| TASK |
Would you please copy each line of the listing that mentions "distinct"?

| INPUT FOR THIS TASK |

(* Let $\mu$ be a classification problem and $f:\mathcal X\times\mathcal A\to\Delta_k$ a fixed deterministic calibrated predictor such that each $r_a:=f\sharp(\mu^X_a\times\{a\})$ has finite support $\mathcal R_a$. For each $a\in[m]$ let $s_{a,1},\dots,s_{a,n}$ be i.i.d. samples from $r_a$ (independent across $a$), and $\hat r_a=\frac1n\sum_{i=1}^n\delta_{s_{a,i}}$. Let $(\hat q,\hat\gamma_1,\dots,\hat\gamma_m)$ with $\hat q\in\mathcal Q_k$ and $\hat\gamma_a\in\Gamma(\hat r_a,\hat q)$ minimize $\sum_{a\in[m]}\sum_{s,y}\|s-y\|_1\hat\gamma_a(\{(s,y)\})$ over all such tuples. Define the randomized classifier $\hat h$ by: if $s=f(x,a)\in\mathrm{supp}(\hat r_a)$, $\hat h(x,a)=e_i$ with probability $\hat\gamma_a(\{(s,e_i)\})/\hat r_a(\{s\})$; otherwise $\hat h(x,a)$ is an arbitrary fixed label. Let $\mathrm{Err}^*_f:=\frac12\min_{q\in\mathcal Q_k}\sum_a W_1(r_a,q)$. Then for every $\delta\in(0,1)$, with probability at least $1-\delta$ over the samples, $$\sum_{a\in[m]}\mathrm{Err}_a(\hat h)-\mathrm{Err}^*_f\le\sum_{a\in[m]}\sqrt{\frac{2|\mathcal R_a|^2}{n}\ln\frac{2m|\mathcal R_a|}{\delta}}\quad\text{and}\quad\mathrm{DPGap}(\hat h)\le\max_{a\in[m]}\sqrt{\frac{|\mathcal R_a|^2}{2n}\ln\frac{2m|\mathcal R_a|}{\delta}}.$$
   Context: Setup. $\mathcal X$ is a standard Borel space, $k\ge 2$, $\mathcal Y=\{e_1,\dots,e_k\}\subset\mathbb R^k$ the standard basis vectors, $\mathcal A=[m]$. A classification problem is a probability distribution $\mu$ of $(X,Y,A)$ on $\mathcal X\times\mathcal Y\times\mathcal A$ with $\mathbb P(A=a)>0$ for all $a$; $\mu^X_a$ is the law of $X$ given $A=a$. $\Delta_k=\{x\in\mathbb R^k:x\ge0,\sum_ix_i=1\}$. For a deterministic predictor $f$, $f\sharp(\mu^X_a\times\{a\})$ is the law of $f(X,a)$, $X\sim\mu^X_a$. $f$ is calibrated if for every $a$ and $i$, $\mathbb P_\mu(Y=e_i\mid f(X,A)=s,A=a)=s_i$ for $r_a$-a.e. $s$. A randomized classifier's output randomness is independent of $(X,Y,A)$ and of the samples; $\mathrm{Err}_a(h)=\mathbb P(h(X,a)\ne Y\mid A=a)$ evaluated on the population $\mu$. $\mathrm{DPGap}(h)=\frac12\max_{a,a'}\sum_{y\in\mathcal Y}|\mathbb P(h(X,a)=y\mid A=a)-\mathbb P(h(X,a')=y\mid A=a')|$. $\mathcal Q_k$ is the set of distributions supported on $\mathcal Y$, $\Gamma(p,q)$ the couplings of $p,q$, $W_1(p,q)=\inf_{\gamma\in\Gamma(p,q)}\int\|s-s'\|_1d\gamma$, $\delta_s$ the Dirac mass at $s$. *)

theory Defs
  imports "HOL-Probability.Probability"
begin

(* Conventions:
   - X is a standard Borel space: a Polish type 'x with its Borel sigma-algebra.
   - Labels: Y = {e_i | i :: 'k}, 'k a finite type with CARD('k) = k; label i stands for e_i.
   - Groups: A = [m] is represented by {..<m} (0-based).
   - A classification problem is a probability measure on 'x * 'k * nat
     whose A-component lies in {..<m}. *)

definition prob_simplex :: "(real^'k::finite) set" where
  "prob_simplex = {s. (\<forall>i. 0 \<le> s $ i) \<and> (\<Sum>i\<in>UNIV. s $ i) = 1}"

definition lab_vec :: "'k::finite \<Rightarrow> real^'k" where
  "lab_vec y = (\<chi> j. if j = y then 1 else 0)"

definition l1norm :: "real^'k::finite \<Rightarrow> real" where
  "l1norm v = (\<Sum>j\<in>UNIV. \<bar>v $ j\<bar>)"

definition lab_cost :: "real^'k::finite \<Rightarrow> 'k \<Rightarrow> real" where
  "lab_cost s y = l1norm (s - lab_vec y)"

definition Aev :: "('x \<times> 'k \<times> nat) measure \<Rightarrow> nat \<Rightarrow> ('x \<times> 'k \<times> nat) set" where
  "Aev \<mu> a = {z \<in> space \<mu>. snd (snd z) = a}"

definition classif_problem :: "('x::polish_space \<times> 'k::finite \<times> nat) measure \<Rightarrow> nat \<Rightarrow> bool" where
  "classif_problem \<mu> m \<longleftrightarrow> prob_space \<mu>
     \<and> sets \<mu> = sets (borel \<Otimes>\<^sub>M (count_space UNIV \<Otimes>\<^sub>M count_space {..<m}))
     \<and> (\<forall>a<m. measure \<mu> (Aev \<mu> a) > 0)"

definition condA :: "('x \<times> 'k \<times> nat) measure \<Rightarrow> nat \<Rightarrow> ('x \<times> 'k \<times> nat) measure" where
  "condA \<mu> a = uniform_measure \<mu> (Aev \<mu> a)"

definition pushf :: "('x::topological_space \<times> 'k::finite \<times> nat) measure \<Rightarrow> ('x \<Rightarrow> nat \<Rightarrow> real^'k) \<Rightarrow> nat \<Rightarrow> (real^'k) measure" where
  "pushf \<mu> f a = distr (condA \<mu> a) borel (\<lambda>z. f (fst z) a)"
definition Tcoef :: "real \<Rightarrow> complex \<Rightarrow> complex \<Rightarrow> complex" where
  "Tcoef p xb xa = (xb - xa) / Dden p xb xa"

text \<open>The R-matrix R_{beta alpha} (with xb = xi_beta, xa = xi_alpha), entry at row ij, column kl.\<close>
definition Rmat :: "real \<Rightarrow> complex \<Rightarrow> complex \<Rightarrow> nat list \<Rightarrow> nat list \<Rightarrow> complex" where
  "Rmat p xb xa w v =
     (let i = w ! 0; j = w ! 1 in
      if v = w then (if i = j then Scoef p xb xa else if i < j then Pcoef p xb xa else Qcoef p xb xa)
      else if v = [j, i] then (if i < j then of_real p * Tcoef p xb xa else of_real (1 - p) * Tcoef p xb xa)
      else 0)"

definition kron_I_right :: "(nat list \<Rightarrow> nat list \<Rightarrow> complex) \<Rightarrow> nat list \<Rightarrow> nat list \<Rightarrow> complex" where
  "kron_I_right M w v = (if w ! 2 = v ! 2 then M (take 2 w) (take 2 v) else 0)"

definition kron_I_left :: "(nat list \<Rightarrow> nat list \<Rightarrow> complex) \<Rightarrow> nat list \<Rightarrow> nat list \<Rightarrow> complex" where
  "kron_I_left M w v = (if w ! 0 = v ! 0 then M (drop 1 w) (drop 1 v) else 0)"

definition rearr :: "nat \<Rightarrow> nat \<Rightarrow> nat \<Rightarrow> nat list list" where
  "rearr i j k = sorted_list_of_set {w. mset w = {#i, j, k#}}"

definition submat3 :: "(nat list \<Rightarrow> nat list \<Rightarrow> complex) \<Rightarrow> nat \<Rightarrow> nat \<Rightarrow> nat \<Rightarrow> complex mat" where
  "submat3 M i j k = (let L = rearr i j k in
     mat (length L) (length L) (\<lambda>(r, c). M (L ! r) (L ! c)))"

end

theory Submission
  imports Defs
begin

(* Writing R = R_numer / D with polynomial entries, both identities become identities between
  products of numerator blocks up to scalar factors, which cancel (for unitarity, the product
  of the two denominators is what the numerator blocks multiply to).  A block depends on i, j, k
  only through their relative order, so there are four shapes (pairwise distinct, a repeated
  smaller or larger letter, all equal), and in each the polynomial identities are verified by
  direct computation. *)

definition R_numer :: "complex \<Rightarrow> complex \<Rightarrow> complex \<Rightarrow> nat list \<Rightarrow> nat list \<Rightarrow> complex" where
  "R_numer p y x w v =
     (let i = w ! 0; j = w ! 1 in
      if v = w then
        (if i = j then y - p - (1 - p) * x * y
         else if i < j then (p - (1 - p) * x) * (y - 1)
         else (p - (1 - p) * y) * (x - 1))
      else if v = [j, i] then (if i < j then p * (y - x) else (1 - p) * (y - x))
      else 0)"

definition R_denom :: "complex \<Rightarrow> complex \<Rightarrow> complex \<Rightarrow> complex" where
  "R_denom p y x = p + (1 - p) * x * y - x"

lemma Rmat_eq_R_numer_div: "Rmat p y x w v = R_numer (of_real p) y x w v / Dden p y x"
  unfolding Rmat_def R_numer_def Let_def Scoef_def Pcoef_def Qcoef_def Tcoef_def
  by (simp add: of_real_diff minus_divide_left)

lemma Dden_eq_R_denom: "Dden p y x = R_denom (of_real p) y x"
  by (simp add: Dden_def R_denom_def of_real_diff)

lemma R_numer_Cons_Cons [simp]:
  "R_numer p y x [i, j] [i', j'] =
     (if i' = i \<and> j' = j then
        (if i = j then y - p - (1 - p) * x * y
         else if i < j then (p - (1 - p) * x) * (y - 1)
         else (p - (1 - p) * y) * (x - 1))
      else if i' = j \<and> j' = i then (if i < j then p * (y - x) else (1 - p) * (y - x))
      else 0)"
  by (simp add: R_numer_def)

lemma kron_I_right_Cons3 [simp]:
  "kron_I_right M [a, b, c] [a', b', c'] = (if c = c' then M [a, b] [a', b'] else 0)"
  by (simp add: kron_I_right_def)

lemma kron_I_left_Cons3 [simp]:
  "kron_I_left M [a, b, c] [a', b', c'] = (if a = a' then M [b, c] [b', c'] else 0)"
  by (simp add: kron_I_left_def)

definition word_mat :: "(nat list \<Rightarrow> nat list \<Rightarrow> complex) \<Rightarrow> nat list list \<Rightarrow> complex mat" where
  "word_mat K L = mat (length L) (length L) (\<lambda>(r, c). K (L ! r) (L ! c))"

lemma submat3_eq_word_mat: "submat3 M i j k = word_mat M (rearr i j k)"
  by (simp add: submat3_def word_mat_def Let_def)

lemma word_mat_carrier [simp]: "word_mat K L \<in> carrier_mat (length L) (length L)"
  by (simp add: word_mat_def)

lemma word_mat_eq_iff:
  "word_mat K L = word_mat K' L \<longleftrightarrow> (\<forall>w\<in>set L. \<forall>v\<in>set L. K w v = K' w v)"
  unfolding word_mat_def mat_eq_iff by (auto simp: all_set_conv_all_nth)

lemma word_mat_mult:
  "word_mat K L * word_mat K' L = word_mat (\<lambda>w v. \<Sum>u\<leftarrow>L. K w u * K' u v) L"
  by (rule eq_matI) (auto simp: word_mat_def scalar_prod_def sum_list_sum_nth atLeast0LessThan)

lemma smult_word_mat: "c \<cdot>\<^sub>m word_mat K L = word_mat (\<lambda>w v. c * K w v) L"
  by (rule eq_matI) (auto simp: word_mat_def)

lemma one_mat_eq_word_mat:
  "distinct L \<Longrightarrow> 1\<^sub>m (length L) = word_mat (\<lambda>w v. if w = v then 1 else 0) L"
  by (rule eq_matI) (auto simp: word_mat_def nth_eq_iff_index_eq)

| ANSWER FOR THE TASK |
  only through their relative order, so there are four shapes (pairwise distinct, a repeated
  "distinct L \<Longrightarrow> 1\<^sub>m (length L) = word_mat (\<lambda>w v. if w = v then 1 else 0) L"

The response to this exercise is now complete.